'Lego Batman Movie' rewards longtime fans of the comics

Jenna Warner
February 10, 2017

On "The LEGO Batman Movie, ' I brought in one of my favorite stop-motion animators from "Robot Chicken" - her influence on the animation and her character animation was so great that I thought she was absolutely essential to making this movie". With a blend of computer animation and actual Lego bricks, the dizzying Lego Batman, like the first Lego Movie, bursts at the edges of the screen: It's goofy, chipper, fast moving, and colorful, and the antithesis of any other Batman movie made this millennium.

Directed by Chris McKay, a veteran of Adult Swim's Robot Chicken and the co-editor and animation supervisor of The Lego Movie, Lego Batman finds its title character repeatedly saving Gotham City but returning home to a lonely existence, where he eats reheated lobster thermidor (in one of the movie's most dryly amusing scenes) and insists he doesn't need anyone in his life.

Though this film is meant to be an animated comedy, there is a great drama depth that lasts with you long after the films ends.

It's lonely being the best, and don't I know it. Lego Batman knows it, too, and he's adrift inside his vast hilltop estate.

Instead, he lives for his nights of crime fighting against the Joker (Zach Galifianakis) and his henchmen but refuses to admit that he needs the Joker, that he's emotionally addicted to their never-ending battle. Imagine if Rob Gronkowski were Batman.

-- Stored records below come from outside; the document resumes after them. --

(* Let $n\ge3$, let $H$ be a non-trivial finitely generated abelian group, let $G$ be a group with a surjective homomorphism $\sigma\colon G\to S_n$, let $W=H\wr_\sigma G$, and let $\pi\colon W\to G$ be the canonical projection. Assume that every abelian normal subgroup of $W$ is contained in $H^n$, and that $P_\sigma=\ker\sigma$ is characteristic in $G$. Then $PW=\pi^{-1}(P_\sigma)\cong H^n\times P_\sigma$ is characteristic in $W$.
   Context: $H\wr_\sigma G=H^n\rtimes_\sigma G$ is the semidirect product in which $G$ acts on $H^n$ by permuting coordinates through $\sigma$: $g\cdot(h_1,\dots,h_n)=(h_{\sigma(g)(1)},\dots,h_{\sigma(g)(n)})$ (with the composition convention in $S_n$ making this a left action); $H^n$ is identified with $\{(\mathbf h,1)\}$ and $\pi(\mathbf h,g)=g$. *)

theory Defs
  imports "HOL-Algebra.Algebra"
begin

definition pow_group :: "('h, 'a) monoid_scheme \<Rightarrow> nat \<Rightarrow> (nat \<Rightarrow> 'h) monoid" where
  "pow_group H n =
     \<lparr> carrier = {1..n} \<rightarrow>\<^sub>E carrier H,
       monoid.mult = (\<lambda>h h'. \<lambda>i\<in>{1..n}. h i \<otimes>\<^bsub>H\<^esub> h' i),
       monoid.one = (\<lambda>i\<in>{1..n}. \<one>\<^bsub>H\<^esub>) \<rparr>"

text \<open>G acts on H^n on the left by (g.h)_i = h_(sigma(g)^-1(i)).\<close>
definition wreath :: "('h, 'a) monoid_scheme \<Rightarrow> ('g, 'b) monoid_scheme \<Rightarrow> nat
                       \<Rightarrow> ('g \<Rightarrow> nat \<Rightarrow> nat) \<Rightarrow> ((nat \<Rightarrow> 'h) \<times> 'g) monoid" where
  "wreath H G n \<sigma> =
     \<lparr> carrier = ({1..n} \<rightarrow>\<^sub>E carrier H) \<times> carrier G,
       monoid.mult = (\<lambda>(h, g) (h', g').
                 ((\<lambda>i\<in>{1..n}. h i \<otimes>\<^bsub>H\<^esub> h' (inv_into UNIV (\<sigma> g) i)), g \<otimes>\<^bsub>G\<^esub> g')),
       monoid.one = ((\<lambda>i\<in>{1..n}. \<one>\<^bsub>H\<^esub>), \<one>\<^bsub>G\<^esub>) \<rparr>"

Like many previous versions, this one focuses on Batman's isolation. It's a fair point.

Fans of the Nolan and Bale Batman movies will share the fun, then perhaps go back to cocooning with their Dark Knight trilogy Blu-rays.

Everything was awesome for Warner Bros. when The LEGO Movie built its way to a $258 million domestic gross. They show up, even if it's just for a fleeting moment in this movie. "Demetri, what about Gentleman Ghost?" Yes. This was a new spin on Batman and I loved every minute of watching this movie. Clearly they do. This movie merely revels in their absurdity.

There are riffs on Michael Jackson, the "You complete me" scene from Jerry Maguire and the wry observation that Gotham City is still the most crime-ridden metropolis on the planet, even with Batman doing his vigilante thing.

Until that happens though, we have The Lego Batman Movie.

The Mercury has teamed up with Weston Odeon to offer three lucky readers the chance to win a family ticket to see Lego Batman at a time of your choice.

Demetri Ravanos is a member of the North Carolina Film Critics Association and has reviewed movies for Raleigh and Company, Military1.com and The Alan Kabel Radio Network.